YOUR TASK. Look through the records and copy every line in which "equations" appears.

EXTRACTED ENTRIES.

text \<open>Tangent vectors to a set S at A: velocities at 0 of curves in S through A.
  For a submanifold (such as a rank stratum) this is its tangent space.\<close>
definition tangent_vecs :: "('a::real_normed_vector) set \<Rightarrow> 'a \<Rightarrow> 'a set" where
  "tangent_vecs S A = {v. \<exists>\<gamma>. \<gamma> 0 = A \<and> (\<forall>t. \<gamma> t \<in> S) \<and> (\<gamma> has_vector_derivative v) (at 0)}"

definition transversal_at ::
  "(complex^'N \<Rightarrow> complex^'n^'m) \<Rightarrow> complex^'N \<Rightarrow> (complex^'n^'m) set \<Rightarrow> bool" where
  "transversal_at F x S \<longleftrightarrow>
     (\<exists>L. (F has_derivative L) (at x) \<and> {L u + v | u v. v \<in> tangent_vecs S (F x)} = UNIV)"

definition ess_nonsingular :: "(complex^'N \<Rightarrow> complex^'n^'m) \<Rightarrow> complex^'N \<Rightarrow> bool" where
  "ess_nonsingular F x \<longleftrightarrow>
     (let i = rank (F x) + 1 in transversal_at F x (det_var i - det_var (i - 1)))"

definition is_EIDS :: "(complex^'N) set \<Rightarrow> (complex^'N \<Rightarrow> complex^'n^'m) \<Rightarrow> nat \<Rightarrow> bool" where
  "is_EIDS U F t \<longleftrightarrow>
     (let X = {x\<in>U. F x \<in> det_var t} in
       germ_codim X = (CARD('m) - t + 1) * (CARD('n) - t + 1) \<and>
       (\<exists>\<epsilon>>0. \<forall>x\<in>X \<inter> ball 0 \<epsilon> - {0}. ess_nonsingular F x))"

definition is_ICIS :: "(complex^'N) set \<Rightarrow> bool" where
  "is_ICIS V \<longleftrightarrow> (\<exists>k g \<epsilon>. \<epsilon> > 0 \<and> (\<forall>i<k. holo_on (ball 0 \<epsilon>) (g i) \<and> g i 0 = 0) \<and>
      V \<inter> ball 0 \<epsilon> = {x\<in>ball 0 \<epsilon>. \<forall>i<k. g i x = 0} \<and>
      germ_codim V = k \<and>
      (\<forall>x\<in>V \<inter> ball 0 \<epsilon> - {0}. submersive_at k g x))"

end

(*
  Since rank F(x) < 1 exactly when F(x) = 0, the singular set is the zero set V of F. At a point
  x of V other than the origin, F(x) = 0 lies in the stratum of rank-0 matrices, which is the
  single point 0 and has trivial tangent space; so transversality says that dF(x) is onto, i.e.
  the entries of F form a holomorphic submersion along V - {0}. Thus V is cut out by these
  equations and is a manifold of the expected codimension off the origin, unless 0 is isolated in
  V, when the coordinate functions cut it out instead.

  The germ dimension is well defined because the dimension of a submanifold at a point is unique:
  if the zero set of k' submersive equations lay inside that of k > k' such equations, some
  differential of the second family would be nonzero on the kernel of the first, and Sussmann's
  open mapping theorem would produce a common zero of the first family at which the second does
  not vanish.
*)

theory Submission
  imports Defs
begin

section \<open>Families of real-linear complex functionals\<close>

lemma functionals_onto_right_inverse:
  fixes A :: "nat \<Rightarrow> 'a::real_vector \<Rightarrow> complex"
  assumes lin: "\<And>i. i < k \<Longrightarrow> linear (A i)" and onto: "\<forall>w. \<exists>v. \<forall>i<k. A i v = w i"
  obtains p q where
    "\<And>w i. i < k \<Longrightarrow> A i (\<Sum>j<k. Re (w j) *\<^sub>R p j + Im (w j) *\<^sub>R q j) = w i"
proof -
  have "\<forall>j. \<exists>v. \<forall>i<k. A i v = (if i = j then c else 0)" for c
  proof
    fix j
    show "\<exists>v. \<forall>i<k. A i v = (if i = j then c else 0)"
      using spec[OF onto, of "\<lambda>i. if i = j then c else 0"] by simp
  qed
  from choice[OF this[of 1]] choice[OF this[of \<i>]] obtain p q
    where p: "\<And>j i. i < k \<Longrightarrow> A i (p j) = (if i = j then 1 else 0)"
      and q: "\<And>j i. i < k \<Longrightarrow> A i (q j) = (if i = j then \<i> else 0)"
    by blast
  have "A i (\<Sum>j<k. Re (w j) *\<^sub>R p j + Im (w j) *\<^sub>R q j) = w i" if "i < k" for w i
  proof -
    have "A i (\<Sum>j<k. Re (w j) *\<^sub>R p j + Im (w j) *\<^sub>R q j)
        = (\<Sum>j<k. Re (w j) *\<^sub>R A i (p j) + Im (w j) *\<^sub>R A i (q j))"
      using lin[OF that] by (simp add: linear_sum linear_add linear_scale)
    also have "\<dots> = (\<Sum>j<k. if j = i then Re (w j) *\<^sub>R 1 + Im (w j) *\<^sub>R \<i> else 0)"
      using p q that by (intro sum.cong) auto
    also have "\<dots> = Re (w i) *\<^sub>R 1 + Im (w i) *\<^sub>R \<i>"
      using that by simp
    also have "\<dots> = w i" by (simp add: complex_eq_iff)
    finally show ?thesis .
  qed
  then show thesis by (rule that)
qed
lemma agd_doubling_stage:
  assumes m: "1 \<le> m" and SmSn: "Sm \<subseteq> Sn" and SnN: "Sn \<subseteq> {..<N}"
    and cSm: "card Sm = m" and cSn: "card Sn = 2 * m"
    and wm: "wm \<in> borel_measurable Q"
    and wms_min: "\<forall>\<omega>\<in>space Q. \<forall>w. reg_risk f X c \<gamma> \<alpha> Sm (wms \<omega>) \<omega> \<le> reg_risk f X c \<gamma> \<alpha> Sm w \<omega>"
    and wns_min: "\<forall>\<omega>\<in>space Q. \<forall>w. reg_risk f X c \<gamma> \<alpha> Sn (wns \<omega>) \<omega> \<le> reg_risk f X c \<gamma> \<alpha> Sn w \<omega>"
    and wm_acc: "(\<integral>\<^sup>+\<omega>. ennreal (reg_risk f X c \<gamma> \<alpha> Sm (wm \<omega>) \<omega> - reg_risk f X c \<gamma> \<alpha> Sm (wms \<omega>) \<omega>) \<partial>Q)
        \<le> ennreal (Vstat \<gamma> \<alpha> m)"
    and s: "iter_bound \<alpha> c \<gamma> M wstar (2 * m) \<le> real s"
  shows "(\<integral>\<^sup>+\<omega>. ennreal (reg_risk f X c \<gamma> \<alpha> Sn
                 (fst (agd (\<lambda>y. reg_grad G X c \<gamma> \<alpha> Sn y \<omega>)
                           (agd_eta c \<gamma> \<alpha> M (2 * m)) (agd_beta c \<gamma> \<alpha> M (2 * m)) (wm \<omega>) s)) \<omega>
               - reg_risk f X c \<gamma> \<alpha> Sn (wns \<omega>) \<omega>) \<partial>Q)
          \<le> ennreal (Vstat \<gamma> \<alpha> (2 * m))"
proof -
  define F where "F = gap_factor \<alpha> c wstar"
  define gap where "gap \<omega> = reg_risk f X c \<gamma> \<alpha> Sn (wm \<omega>) \<omega> - reg_risk f X c \<gamma> \<alpha> Sn (wns \<omega>) \<omega>" for \<omega>
  have F: "0 < F" unfolding F_def using gap_factor_ge_6[of \<alpha> c wstar] \<alpha>_nonneg c_pos by simp
  have card: "card Sn = 2 * card Sm" "0 < card Sm" using cSm cSn m by simp_all
  have Sn: "Sn \<subseteq> {..<N}" "Sn \<noteq> {}" using SnN card by auto
  have "integrable Q gap \<and> integral\<^sup>L Q gap \<le> F / 2 * Vstat \<gamma> \<alpha> (2 * m)"
    using expected_initial_gap_le[OF SmSn SnN card wm wms_min wns_min] wm_acc
    unfolding gap_def F_def cSm cSn by simp
  from integrable_integral_le_cmult[OF this, of "2 / F"]
  have scaled: "integrable Q (\<lambda>\<omega>. 2 / F * gap \<omega>) \<and> integral\<^sup>L Q (\<lambda>\<omega>. 2 / F * gap \<omega>) \<le> Vstat \<gamma> \<alpha> (2 * m)"
    using F by simp
  have gap_nonneg: "0 \<le> 2 / F * gap \<omega>" if "\<omega> \<in> space Q" for \<omega>
    using wns_min that F unfolding gap_def by simp
  have "(\<integral>\<^sup>+\<omega>. ennreal (reg_risk f X c \<gamma> \<alpha> Sn
                 (fst (agd (\<lambda>y. reg_grad G X c \<gamma> \<alpha> Sn y \<omega>)
                           (agd_eta c \<gamma> \<alpha> M (2 * m)) (agd_beta c \<gamma> \<alpha> M (2 * m)) (wm \<omega>) s)) \<omega>
               - reg_risk f X c \<gamma> \<alpha> Sn (wns \<omega>) \<omega>) \<partial>Q)
      \<le> (\<integral>\<^sup>+\<omega>. ennreal (2 / F * gap \<omega>) \<partial>Q)"
    using agd_gap_contraction[OF Sn _ bspec[OF wns_min]] s
    unfolding F_def gap_def cSn by (intro nn_integral_mono ennreal_leI) simp
  also have "\<dots> = ennreal (integral\<^sup>L Q (\<lambda>\<omega>. 2 / F * gap \<omega>))"
    using scaled gap_nonneg by (intro nn_integral_eq_integral) auto
  also have "\<dots> \<le> ennreal (Vstat \<gamma> \<alpha> (2 * m))" using scaled by (intro ennreal_leI) simp
  finally show ?thesis .
qed

end

lemma iter_bound_le:
  assumes K: "0 < c * \<gamma>" and M: "0 \<le> M" and LF: "0 \<le> log_factor \<alpha> c wstar"
  shows "iter_bound \<alpha> c \<gamma> M wstar n
         \<le> (1 + sqrt (real n powr \<alpha> * M / (c * \<gamma>))) * log_factor \<alpha> c wstar"
proof -
  define x where "x = real n powr \<alpha> * M / (c * \<gamma>)"
  have x: "0 \<le> x" unfolding x_def using M K by simp
  have "(real n powr \<alpha> * M + c * \<gamma>) / (c * \<gamma>) = x + 1"
    unfolding x_def using K by (auto simp: add_divide_distrib zero_less_mult_iff)
  then have "iter_bound \<alpha> c \<gamma> M wstar n = sqrt (x + 1) * log_factor \<alpha> c wstar"
    unfolding iter_bound_def by simp
  also have "\<dots> \<le> (1 + sqrt x) * log_factor \<alpha> c wstar"
    using sqrt_add_le_add_sqrt[OF x, of 1] LF by (intro mult_right_mono) auto
  finally show ?thesis unfolding x_def .
qed

lemma real_power2_powr: "real ((2::nat) ^ k) powr \<alpha> = (2 powr \<alpha>) ^ k"
proof -
  have "real ((2::nat) ^ k) powr \<alpha> = 2 powr (real k * \<alpha>)"
    by (simp add: powr_realpow[symmetric] powr_powr)
  also have "\<dots> = (2 powr \<alpha>) ^ k" by (simp add: powr_power)
  finally show ?thesis .
qed

lemma geometric_reverse_sum_le:
  fixes r :: real
  assumes "0 < r" "r < 1"
  shows "(\<Sum>j\<le>q. r ^ (q - j)) \<le> 1 / (1 - r)"
proof -
  have "(\<Sum>j\<le>q. r ^ (q - j)) = (\<Sum>j<Suc q. r ^ (Suc q - Suc j))"
    by (simp add: lessThan_Suc_atMost)
  also have "\<dots> = (\<Sum>j<Suc q. r ^ j)"
    by (rule sum.nat_diff_reindex)
  also have "\<dots> \<le> 1 / (1 - r)"
    using geometric_sum_less[OF assms, of "{..<Suc q}"] by simp
  finally show ?thesis .
qed

lemma doubling_stage_cost_le:
  fixes M c \<gamma> \<alpha> :: real and wstar :: "'a::real_normed_vector"
  assumes M: "0 < M" and K: "0 < c * \<gamma>" and LF: "0 \<le> log_factor \<alpha> c wstar"
    and N: "N = 2 ^ q * m0" and j: "j \<le> q"
  shows "real (2 ^ j * m0) * iter_bound \<alpha> c \<gamma> M wstar (2 ^ j * m0)
    \<le> real N * (1 + sqrt (real N powr \<alpha> * M / (c * \<gamma>)) * (1 / sqrt (2 powr \<alpha>)) ^ (q - j))
        * log_factor \<alpha> c wstar"
proof -
  define n where "n = 2 ^ j * m0"
  define s where "s = sqrt (2 powr \<alpha>)"
  have s: "0 < s" unfolding s_def by simp
  have N_n: "N = 2 ^ (q - j) * n" unfolding N n_def using j by (simp add: power_add[symmetric])
  have "real N powr \<alpha> * M / (c * \<gamma>) = (2 powr \<alpha>) ^ (q - j) * (real n powr \<alpha> * M / (c * \<gamma>))"
    unfolding N_n by (simp add: powr_mult real_power2_powr del: of_nat_power)
  then have "sqrt (real N powr \<alpha> * M / (c * \<gamma>)) = s ^ (q - j) * sqrt (real n powr \<alpha> * M / (c * \<gamma>))"
    unfolding s_def by (simp only: real_sqrt_mult real_sqrt_power)
  then have sqrt_n: "sqrt (real n powr \<alpha> * M / (c * \<gamma>))
      = sqrt (real N powr \<alpha> * M / (c * \<gamma>)) * (1 / s) ^ (q - j)"
    using s by (simp add: power_one_over field_simps)
  have "1 * n \<le> 2 ^ (q - j) * n" by (intro mult_le_mono1) simp
  then have "real n \<le> real N" unfolding N_n by linarith
  have "real n * iter_bound \<alpha> c \<gamma> M wstar n
      \<le> real n * ((1 + sqrt (real N powr \<alpha> * M / (c * \<gamma>)) * (1 / s) ^ (q - j)) * log_factor \<alpha> c wstar)"
    using iter_bound_le[OF K less_imp_le[OF M] LF, of n] unfolding sqrt_n by (intro mult_left_mono) auto
  also have "\<dots> \<le> real N * ((1 + sqrt (real N powr \<alpha> * M / (c * \<gamma>)) * (1 / s) ^ (q - j))
      * log_factor \<alpha> c wstar)"
    using \<open>real n \<le> real N\<close> LF s M K by (intro mult_right_mono) (auto intro!: mult_nonneg_nonneg)
  finally show ?thesis unfolding n_def s_def by (simp only: mult.assoc)
qed

lemma doubling_schedule_cost_le:
  fixes M c \<gamma> \<alpha> :: real and wstar :: "'a::real_normed_vector"
  assumes M: "0 < M" and K: "0 < c * \<gamma>" and c: "0 \<le> c" and \<alpha>: "0 < \<alpha>"
    and m0: "1 \<le> m0" and N: "N = 2 ^ q * m0"
  shows "(\<Sum>j\<le>q. real (2 ^ j * m0) * iter_bound \<alpha> c \<gamma> M wstar (2 ^ j * m0))
          \<le> real N * (1 + log 2 (real N / real m0)
                + sqrt (2 powr \<alpha>) / (sqrt (2 powr \<alpha>) - 1) * sqrt (real N powr \<alpha> * M / (c * \<gamma>)))
            * log_factor \<alpha> c wstar"
proof -
  define LF where "LF = log_factor \<alpha> c wstar"
  have LF: "0 \<le> LF" unfolding LF_def using \<alpha> c by (intro log_factor_nonneg) auto
  define s where "s = sqrt (2 powr \<alpha>)"
  have s: "1 < s" unfolding s_def using \<alpha> by (simp add: real_less_rsqrt)
  define SN where "SN = sqrt (real N powr \<alpha> * M / (c * \<gamma>))"
  have SN: "0 \<le> SN" unfolding SN_def using M K by simp
  have "(\<Sum>j\<le>q. real (2 ^ j * m0) * iter_bound \<alpha> c \<gamma> M wstar (2 ^ j * m0))
      \<le> (\<Sum>j\<le>q. real N * (1 + SN * (1 / s) ^ (q - j)) * LF)"
    using doubling_stage_cost_le[OF M K LF[unfolded LF_def] N] unfolding SN_def s_def LF_def
    by (intro sum_mono) auto
  also have "\<dots> = real (Suc q) * real N * LF + real N * SN * LF * (\<Sum>j\<le>q. (1 / s) ^ (q - j))"
    by (simp add: sum.distrib sum_distrib_left sum_distrib_right algebra_simps)
  also have "\<dots> \<le> real (Suc q) * real N * LF + real N * SN * LF * (1 / (1 - 1 / s))"
    using geometric_reverse_sum_le[of "1 / s" q] s SN LF
    by (intro add_left_mono mult_left_mono) auto
  also have "1 / (1 - 1 / s) = s / (s - 1)" using s by (simp add: field_simps)
  also have "real (Suc q) = 1 + log 2 (real N / real m0)"
    unfolding N using m0 by (simp add: log_nat_power)
  finally show ?thesis unfolding SN_def s_def LF_def by (simp add: algebra_simps)
qed

theorem theorem3:
  fixes Q :: "'o measure" and P :: "'z measure"
    and X :: "nat \<Rightarrow> 'o \<Rightarrow> 'z" and N :: nat
    and f :: "'a::euclidean_space \<Rightarrow> 'z \<Rightarrow> real" and G :: "'a \<Rightarrow> 'z \<Rightarrow> 'a"
    and M c \<gamma> \<alpha> :: real and wstar :: 'a
  assumes Q: "prob_space Q" and P: "prob_space P"
    and X_meas: "\<forall>i<N. X i \<in> measurable Q P"
    and X_distr: "\<forall>i<N. distr Q P (X i) = P"
    and X_indep: "prob_space.indep_vars Q (\<lambda>_. P) X {..<N}"
    and f_meas: "(\<lambda>(w, z). f w z) \<in> borel_measurable (borel \<Otimes>\<^sub>M P)"
    and f_convex: "\<forall>z\<in>space P. convex_on UNIV (\<lambda>w. f w z)"
    and f_grad: "\<forall>z\<in>space P. \<forall>w. GDERIV (\<lambda>v. f v z) w :> G w z"
    and M_pos: "M > 0"
    and G_lip: "\<forall>z\<in>space P. \<forall>w v. norm (G w z - G v z) \<le> M * norm (w - v)"
    and \<gamma>_pos: "\<gamma> > 0" and \<alpha>_range: "1/2 \<le> \<alpha>" "\<alpha> \<le> 1" and c_pos: "c > 0"
    and stat_acc: "\<forall>S. S \<subseteq> {..<N} \<and> S \<noteq> {} \<longrightarrow>
        (\<integral>\<^sup>+\<omega>. (SUP w. ennreal \<bar>pop_loss P f w - emp_loss f X S w \<omega>\<bar>) \<partial>Q)
          \<le> ennreal (Vstat \<gamma> \<alpha> (card S))"
    and wstar_min: "\<forall>w. pop_loss P f wstar \<le> pop_loss P f w"
  shows
    "(\<forall>(m::nat) Sm Sn (wm :: 'o \<Rightarrow> 'a) wms wns (s::nat).
        1 \<le> m \<and> Sm \<subseteq> Sn \<and> Sn \<subseteq> {..<N} \<and> card Sm = m \<and> card Sn = 2 * m
        \<and> wm \<in> borel_measurable Q
        \<and> (\<forall>\<omega>\<in>space Q. \<forall>w. reg_risk f X c \<gamma> \<alpha> Sm (wms \<omega>) \<omega> \<le> reg_risk f X c \<gamma> \<alpha> Sm w \<omega>)
        \<and> (\<forall>\<omega>\<in>space Q. \<forall>w. reg_risk f X c \<gamma> \<alpha> Sn (wns \<omega>) \<omega> \<le> reg_risk f X c \<gamma> \<alpha> Sn w \<omega>)
        \<and> (\<integral>\<^sup>+\<omega>. ennreal (reg_risk f X c \<gamma> \<alpha> Sm (wm \<omega>) \<omega> - reg_risk f X c \<gamma> \<alpha> Sm (wms \<omega>) \<omega>) \<partial>Q)
            \<le> ennreal (Vstat \<gamma> \<alpha> m)
        \<and> real s \<ge> iter_bound \<alpha> c \<gamma> M wstar (2 * m)
        \<longrightarrow>
        (\<integral>\<^sup>+\<omega>. ennreal (reg_risk f X c \<gamma> \<alpha> Sn
                 (fst (agd (\<lambda>y. reg_grad G X c \<gamma> \<alpha> Sn y \<omega>)
                           (agd_eta c \<gamma> \<alpha> M (2 * m)) (agd_beta c \<gamma> \<alpha> M (2 * m)) (wm \<omega>) s)) \<omega>
               - reg_risk f X c \<gamma> \<alpha> Sn (wns \<omega>) \<omega>) \<partial>Q)
          \<le> ennreal (Vstat \<gamma> \<alpha> (2 * m)))
     \<and>
     (\<forall>(m0::nat) (q::nat). 1 \<le> m0 \<and> N = 2 ^ q * m0 \<longrightarrow>
        (\<Sum>j\<le>q. real (2 ^ j * m0) * iter_bound \<alpha> c \<gamma> M wstar (2 ^ j * m0))
          \<le> real N * (1 + log 2 (real N / real m0)
                + sqrt (2 powr \<alpha>) / (sqrt (2 powr \<alpha>) - 1) * sqrt (real N powr \<alpha> * M / (c * \<gamma>)))
            * log_factor \<alpha> c wstar)"
proof -
  interpret regularized_erm Q P X N f G M c \<gamma> \<alpha> wstar
    using \<alpha>_range
    by (intro regularized_erm.intro[OF Q P X_meas f_meas f_convex f_grad M_pos G_lip \<gamma>_pos _ c_pos
          stat_acc wstar_min]) simp
  have "0 < c * \<gamma>" "0 \<le> c" "0 < \<alpha>" using c_pos \<gamma>_pos \<alpha>_range by simp_all
  note cost = doubling_schedule_cost_le[OF M_pos this]
  show ?thesis
  proof (intro conjI allI impI; elim conjE)
  qed ((rule agd_doubling_stage; assumption), (rule cost; assumption))
qed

ANSWER AREA.
  equations and is a manifold of the expected codimension off the origin, unless 0 is isolated in
  if the zero set of k' submersive equations lay inside that of k > k' such equations, some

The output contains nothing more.